God sent His Son that we may becomes heirs – full fledged children of God.  In Jesus, we all inherit the fullness of God. All that God is, we have, as if we were the first borns. God set a time for us for our freedom from the law that Paul calls the law of sin and death. Sin is a downward pull in us toward greed, control, self-centeredness and separation from God’s heart. Only God can trump the law of sin and death  – Jesus’ death in our place set a new law in place – the law of love, freedom, forgiveness and life eternal.  Now we are free to be beloved children of God.
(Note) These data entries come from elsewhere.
fun valid_step :: "'v list \<Rightarrow> 'v cnf \<Rightarrow> 'v clause list \<Rightarrow> 'v clause \<Rightarrow> 'v justification \<Rightarrow> bool" where
  "valid_step bs \<Gamma> prev D Axiom = (D \<in># \<Gamma>)"
| "valid_step bs \<Gamma> prev D (Weaken j) = (j < length prev \<and> prev ! j \<subseteq> D)"
| "valid_step bs \<Gamma> prev D (Resolve j k) =
     (j < length prev \<and> k < length prev \<and>
      (\<exists>x. Pos x \<in> prev ! j \<and> Neg x \<in> prev ! k \<and>
           D = (prev ! j - {Pos x}) \<union> (prev ! k - {Neg x})))"
| "valid_step bs \<Gamma> prev D (CostSR \<sigma>) =
     (vars_clause D \<subseteq> vars_cnf \<Gamma> \<and> cost_sr bs (\<Gamma> + mset prev) D \<sigma>)"

definition derivation :: "'v list \<Rightarrow> 'v cnf \<Rightarrow> 'v derivation \<Rightarrow> bool" where
  "derivation bs \<Gamma> P \<longleftrightarrow>
     (\<forall>i<length P. valid_step bs \<Gamma> (map fst (take i P)) (fst (P ! i)) (snd (P ! i)))"

definition HD :: "'v subst \<Rightarrow> 'v subst \<Rightarrow> nat" where
  "HD \<alpha> \<beta> = card {x. \<alpha> x \<noteq> \<beta> x}"

definition flip :: "'v clause \<Rightarrow> 'v subst \<Rightarrow> nat" where
  "flip C \<sigma> = Sup ((\<lambda>\<tau>. HD \<tau> (comp_subst \<tau> \<sigma>)) ` falsifying_totals C)"

end

theory Submission
  imports Defs
begin

text \<open>Call a total model of \<open>\<Gamma>\<close> of minimum cost optimal. Weakening and resolution are
  sound, so every optimal model satisfies the clauses they derive. If an optimal model \<open>\<alpha>\<close>
  falsifies a clause \<open>C\<close> introduced by cost-SR with witness \<open>\<sigma>\<close>, then \<open>\<alpha> \<circ> \<sigma>\<close> satisfies
  the formula extended by \<open>C\<close> at no greater cost, so it is an optimal model different from
  \<open>\<alpha>\<close>; hence \<open>d \<le> HD \<alpha> (\<alpha> \<circ> \<sigma>) \<le> flip C \<sigma>\<close>. So if every cost-SR step flips fewer
  than \<open>d\<close> variables, all optimal models satisfy all derived clauses, which is impossible for
  a unit clause \<open>b\<close> because some optimal model sets \<open>b\<close> to 0.\<close>

lemma subst_lit_total:
  assumes "total \<alpha>" shows "\<exists>b. subst_lit \<alpha> l = Cst b"
proof -
  have "\<alpha> (var_of l) = Cst True \<or> \<alpha> (var_of l) = Cst False"
    using assms unfolding total_def by blast
  then show ?thesis by (cases l) auto
qed

lemma neg_lit_neg_lit [simp]: "neg_lit (neg_lit l) = l"
  by (cases l) simp_all

lemma neg_val_neg_val [simp]: "neg_val (neg_val v) = v"
  by (cases v) simp_all

lemma subst_lit_neg_lit: "subst_lit \<sigma> (neg_lit l) = neg_val (subst_lit \<sigma> l)"
  by (cases l) simp_all

lemma subst_lit_neg_lit_eq_Cst_iff [simp]:
  "subst_lit \<sigma> (neg_lit l) = Cst b \<longleftrightarrow> subst_lit \<sigma> l = Cst (\<not> b)"
  by (cases "subst_lit \<sigma> l") (auto simp: subst_lit_neg_lit)

lemma subst_lit_comp_subst: "subst_lit (comp_subst \<alpha> \<sigma>) l = subst_val \<alpha> (subst_lit \<sigma> l)"
  by (cases l; cases "\<sigma> (var_of l)") (auto simp: comp_subst_def subst_lit_neg_lit)

lemma total_comp_subst:
  assumes "total \<alpha>" shows "total (comp_subst \<alpha> \<sigma>)"
  unfolding total_def
proof
  fix x
  obtain b where "subst_val \<alpha> (\<sigma> x) = Cst b"
    using assms subst_lit_total by (cases "\<sigma> x") auto
  then show "comp_subst \<alpha> \<sigma> x = Cst True \<or> comp_subst \<alpha> \<sigma> x = Cst False"
    by (simp add: comp_subst_def)
qed

lemma models_clause_total_iff:
  assumes "total \<alpha>"
  shows "models_clause \<alpha> C \<longleftrightarrow> (\<exists>l\<in>C. subst_lit \<alpha> l = Cst True)"
proof -
  have "subst_lit \<alpha> l \<noteq> Lit m" for l m
    using subst_lit_total[OF assms, of l] by auto
  then show ?thesis unfolding models_clause_def restrict_clause_def by simp
qed

lemma models_plus_iff: "models \<alpha> (M + N) \<longleftrightarrow> models \<alpha> M \<and> models \<alpha> N"
  unfolding models_def by auto
lemma future_set_countable_coinitial:
  assumes "future_set t F"
  obtains D where "countable D" "D \<subseteq> F" "\<And>y. y \<in> F \<Longrightarrow> \<exists>s\<in>D. chr t s y"
proof -
  obtain S where S: "countable S" "\<And>x y. chr t x y \<Longrightarrow> \<exists>s\<in>S. chr t x s \<and> chr t s y"
    using separable unfolding separable_lms_def by blast
  have "\<exists>s\<in>S \<inter> F. chr t s y" if "y \<in> F" for y
  proof -
    obtain x where "x \<in> F" "chr t x y"
      using assms \<open>y \<in> F\<close> by (auto simp: future_set_def Ifut_set_def Ifut_def)
    moreover from S(2)[OF this(2)] obtain s where "s \<in> S" "chr t x s" "chr t s y" by blast
    ultimately show ?thesis
      using assms by (subst (asm) future_set_def) (auto simp: Ifut_set_def Ifut_def)
  qed
  with S(1) show thesis by (intro that[of "S \<inter> F"]) auto
qed

text \<open>The chain steps below the previous point and the n-th point of a countable coinitial
  subset, which directedness permits.\<close>
lemma IF_past_chain:
  assumes F: "IF t F" and "F \<noteq> {}"
  obtains q where "past_chain t q" "F = Ifut_set t (range q)"
proof -
  have F_future: "future_set t F" using F by (simp add: IF_def)
  obtain D where D: "countable D" "D \<subseteq> F" "\<And>y. y \<in> F \<Longrightarrow> \<exists>s\<in>D. chr t s y"
    using future_set_countable_coinitial[OF F_future] by blast
  obtain f0 where f0: "f0 \<in> F" using \<open>F \<noteq> {}\<close> by blast
  then have "D \<noteq> {}" using D(3) by blast
  define e where "e = from_nat_into D"
  have e: "e n \<in> F" for n using D(2) from_nat_into[OF \<open>D \<noteq> {}\<close>] by (auto simp: e_def)
  obtain g where g: "\<And>x y. x \<in> F \<Longrightarrow> y \<in> F \<Longrightarrow> g x y \<in> F \<and> chr t (g x y) x \<and> chr t (g x y) y"
    using IF_directed[OF F] by metis
  define q where "q = rec_nat f0 (\<lambda>n x. g x (e n))"
  have q_Suc: "q (Suc n) = g (q n) (e n)" for n by (simp add: q_def)
  have qF: "q n \<in> F" for n
    by (induction n) (use f0 g e in \<open>auto simp: q_def\<close>)
  have below_e: "chr t (q (Suc n)) (e n)" for n using g qF e by (simp add: q_Suc)
  have "past_chain t q" unfolding past_chain_def using g qF e by (simp add: q_Suc)
  moreover have "F = Ifut_set t (range q)"
  proof
    have "Ifut_set t (range q) \<subseteq> Ifut_set t F" using qF by (auto simp: Ifut_set_def)
    then show "Ifut_set t (range q) \<subseteq> F" using F_future by (metis future_set_def)
    show "F \<subseteq> Ifut_set t (range q)"
    proof
      fix y assume "y \<in> F"
      then obtain s where "s \<in> D" "chr t s y" using D(3) by blast
      moreover then obtain n where "e n = s" using D(1) from_nat_into_surj e_def by metis
      ultimately have "chr t (q (Suc n)) y" using below_e chr_trans by blast
      then show "y \<in> Ifut_set t (range q)" by (auto simp: Ifut_set_def Ifut_def)
    qed
  qed
  ultimately show thesis by (rule that)
qed

end

definition time_dual :: "('a \<Rightarrow> 'a \<Rightarrow> ennreal) \<Rightarrow> 'a \<Rightarrow> 'a \<Rightarrow> ennreal" where
  "time_dual t x y = t y x"

lemma time_dual_simps:
  "Ifut_set (time_dual t) A = Ipast_set t A"
  "past_chain (time_dual t) p \<longleftrightarrow> future_chain t p"
  "IF (time_dual t) P \<longleftrightarrow> IP t P"
  by (auto simp: chr_def time_dual_def Ifut_set_def Ipast_set_def Ifut_def Ipast_def
      past_chain_def future_chain_def IF_def IP_def future_set_def past_set_def)
lemma matpow_lowest_dependence:
  fixes A :: "complex^'n^'n"
  shows "\<exists>k c R. c \<noteq> 0 \<and> real_poly_in A R \<and> matpow A k ** (c *\<^sub>R mat 1 + A ** R) = 0"
proof -
  obtain c :: "nat \<Rightarrow> real" and N where c: "\<exists>i. c i \<noteq> 0" "\<forall>i>N. c i = 0"
    "(\<Sum>i\<le>N. c i *\<^sub>R matpow A i) = 0"
    using matpow_linearly_dependent [of A] by blast
  define k where "k = (LEAST i. c i \<noteq> 0)"
  have ck: "c k \<noteq> 0" unfolding k_def using c(1) by (rule LeastI_ex)
  have below: "c i = 0" if "i < k" for i
    using that unfolding k_def by (rule not_less_Least [THEN notnotD])
  define g where "g i = c i *\<^sub>R matpow A i" for i
  define d where "d j = c (k + j)" for j
  define R where "R = (\<Sum>j\<le>N. d (Suc j) *\<^sub>R matpow A j)"
  have "0 = (\<Sum>i\<le>N. g i)"
    using c(3) by (simp add: g_def)
  also have "\<dots> = (\<Sum>i\<le>N + k. g i)"
    by (rule sum.mono_neutral_left) (auto simp: g_def c(2))
  also have "\<dots> = (\<Sum>i\<in>{k..N + k}. g i)"
    by (rule sum.mono_neutral_right) (auto simp: g_def below)
  also have "\<dots> = (\<Sum>j\<le>N. matpow A k ** (d j *\<^sub>R matpow A j))"
    using sum.shift_bounds_cl_nat_ivl [of g 0 k N]
    by (simp add: atLeast0AtMost g_def d_def matrix_scalar_ac scalar_matrix_assoc [symmetric]
        matpow_add [symmetric] add.commute)
  also have "\<dots> = matpow A k ** (\<Sum>j\<le>N. d j *\<^sub>R matpow A j)"
    by (simp add: matrix_mult_sum_left)
  also have "(\<Sum>j\<le>N. d j *\<^sub>R matpow A j) = (\<Sum>j\<le>Suc N. d j *\<^sub>R matpow A j)"
    by (rule sum.mono_neutral_left) (auto simp: d_def c(2))
  also have "(\<Sum>j\<le>Suc N. d j *\<^sub>R matpow A j) = c k *\<^sub>R mat 1 + A ** R"
    unfolding sum.atMost_Suc_shift R_def
    by (simp add: d_def matrix_mult_sum_left matrix_scalar_ac scalar_matrix_assoc [symmetric])
  finally have "matpow A k ** (c k *\<^sub>R mat 1 + A ** R) = 0" ..
  moreover have "real_poly_in A R" unfolding real_poly_in_def R_def by (intro exI) (rule refl)
  ultimately show ?thesis using ck by blast
qed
We are no longer a slave. 

God wanted us to know Him so intimately and with such connection that He also sent His spirit to be in us so we can experience adoption as His children.

He’s our daddy. 

Major Ian Thomas, the man who started Capernwray Bible Schools put it this way: “All that He is, you have. You’ll never need more and you need never have less.”

Once God, by His Spirit, comes to live inside us, we are His children and also His heir. We are first born in Christ, inheriting His birthright and all that goes with it.

Do we still need to mature? Yes.

Do we still need to submit to others? Yes.

Do we still need community to grow up? Yes.

Is life always fine? Nope.

But as we taste the goodness of Christ, all we will want to do is lay our life down at His feet and say, ” Jesus, have all of me. Do all You want to do with my life.” This is the first sign that we’re beginning to mature spiritually – when we want to submit to God in all ways.

How do we measure our spiritual growth? From deep within us will rise these child like words: “Abba, Father.”